WORK TASK: Report each line of the listing that carries the word "lemma".

DATA FOR THE TASK:
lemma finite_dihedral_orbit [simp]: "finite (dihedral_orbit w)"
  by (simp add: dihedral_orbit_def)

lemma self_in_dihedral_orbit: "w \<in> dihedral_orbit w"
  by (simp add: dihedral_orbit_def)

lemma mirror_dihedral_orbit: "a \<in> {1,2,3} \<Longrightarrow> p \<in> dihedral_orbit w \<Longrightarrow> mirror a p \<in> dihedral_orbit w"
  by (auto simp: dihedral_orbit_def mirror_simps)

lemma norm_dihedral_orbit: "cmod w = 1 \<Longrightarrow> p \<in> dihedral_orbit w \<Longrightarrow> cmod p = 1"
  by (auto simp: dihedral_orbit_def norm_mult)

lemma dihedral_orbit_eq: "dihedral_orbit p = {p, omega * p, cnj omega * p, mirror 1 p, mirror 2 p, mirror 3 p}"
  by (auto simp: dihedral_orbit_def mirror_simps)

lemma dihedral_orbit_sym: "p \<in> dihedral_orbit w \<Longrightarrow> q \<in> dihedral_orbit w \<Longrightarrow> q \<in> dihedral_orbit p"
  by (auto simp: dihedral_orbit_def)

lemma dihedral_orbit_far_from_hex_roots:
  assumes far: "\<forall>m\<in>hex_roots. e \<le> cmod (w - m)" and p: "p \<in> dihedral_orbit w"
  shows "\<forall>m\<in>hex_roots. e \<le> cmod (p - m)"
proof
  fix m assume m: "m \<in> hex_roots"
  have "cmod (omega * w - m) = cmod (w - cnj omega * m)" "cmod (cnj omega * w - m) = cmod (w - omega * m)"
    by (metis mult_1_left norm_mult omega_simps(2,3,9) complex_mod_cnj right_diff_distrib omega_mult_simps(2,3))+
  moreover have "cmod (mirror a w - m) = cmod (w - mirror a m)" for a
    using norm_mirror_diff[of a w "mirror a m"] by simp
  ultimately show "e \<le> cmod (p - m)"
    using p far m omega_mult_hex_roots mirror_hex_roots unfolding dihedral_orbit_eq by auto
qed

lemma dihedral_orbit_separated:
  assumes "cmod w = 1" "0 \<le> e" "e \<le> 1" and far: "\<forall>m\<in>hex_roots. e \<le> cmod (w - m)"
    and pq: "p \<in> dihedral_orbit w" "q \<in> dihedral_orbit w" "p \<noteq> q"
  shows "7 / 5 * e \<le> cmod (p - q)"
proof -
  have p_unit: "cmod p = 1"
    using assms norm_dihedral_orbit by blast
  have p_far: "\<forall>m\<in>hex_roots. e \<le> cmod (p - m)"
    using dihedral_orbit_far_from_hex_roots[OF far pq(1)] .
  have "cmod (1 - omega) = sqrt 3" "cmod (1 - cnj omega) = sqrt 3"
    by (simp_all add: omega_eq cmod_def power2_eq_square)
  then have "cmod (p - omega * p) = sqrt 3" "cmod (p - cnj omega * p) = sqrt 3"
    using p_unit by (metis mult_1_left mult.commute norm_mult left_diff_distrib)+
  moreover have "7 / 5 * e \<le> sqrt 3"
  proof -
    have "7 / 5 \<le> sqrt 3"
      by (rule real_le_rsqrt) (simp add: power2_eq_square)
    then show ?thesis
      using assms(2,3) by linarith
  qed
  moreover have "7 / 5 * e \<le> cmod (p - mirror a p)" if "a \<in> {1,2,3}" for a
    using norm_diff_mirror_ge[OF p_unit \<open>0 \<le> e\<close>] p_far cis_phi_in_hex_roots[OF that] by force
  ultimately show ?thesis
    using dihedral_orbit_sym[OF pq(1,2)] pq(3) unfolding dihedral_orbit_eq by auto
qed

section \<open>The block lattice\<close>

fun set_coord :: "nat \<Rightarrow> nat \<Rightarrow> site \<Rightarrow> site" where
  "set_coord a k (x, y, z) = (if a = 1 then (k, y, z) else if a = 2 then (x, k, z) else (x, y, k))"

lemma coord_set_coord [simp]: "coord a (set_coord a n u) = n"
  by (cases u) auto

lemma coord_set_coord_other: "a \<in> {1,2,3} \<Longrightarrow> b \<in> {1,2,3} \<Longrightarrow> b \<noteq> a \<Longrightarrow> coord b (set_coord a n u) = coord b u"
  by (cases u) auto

RESPONSE:
lemma finite_dihedral_orbit [simp]: "finite (dihedral_orbit w)"
lemma self_in_dihedral_orbit: "w \<in> dihedral_orbit w"
lemma mirror_dihedral_orbit: "a \<in> {1,2,3} \<Longrightarrow> p \<in> dihedral_orbit w \<Longrightarrow> mirror a p \<in> dihedral_orbit w"
lemma norm_dihedral_orbit: "cmod w = 1 \<Longrightarrow> p \<in> dihedral_orbit w \<Longrightarrow> cmod p = 1"
lemma dihedral_orbit_eq: "dihedral_orbit p = {p, omega * p, cnj omega * p, mirror 1 p, mirror 2 p, mirror 3 p}"
lemma dihedral_orbit_sym: "p \<in> dihedral_orbit w \<Longrightarrow> q \<in> dihedral_orbit w \<Longrightarrow> q \<in> dihedral_orbit p"
lemma dihedral_orbit_far_from_hex_roots:
lemma dihedral_orbit_separated:
lemma coord_set_coord [simp]: "coord a (set_coord a n u) = n"
lemma coord_set_coord_other: "a \<in> {1,2,3} \<Longrightarrow> b \<in> {1,2,3} \<Longrightarrow> b \<noteq> a \<Longrightarrow> coord b (set_coord a n u) = coord b u"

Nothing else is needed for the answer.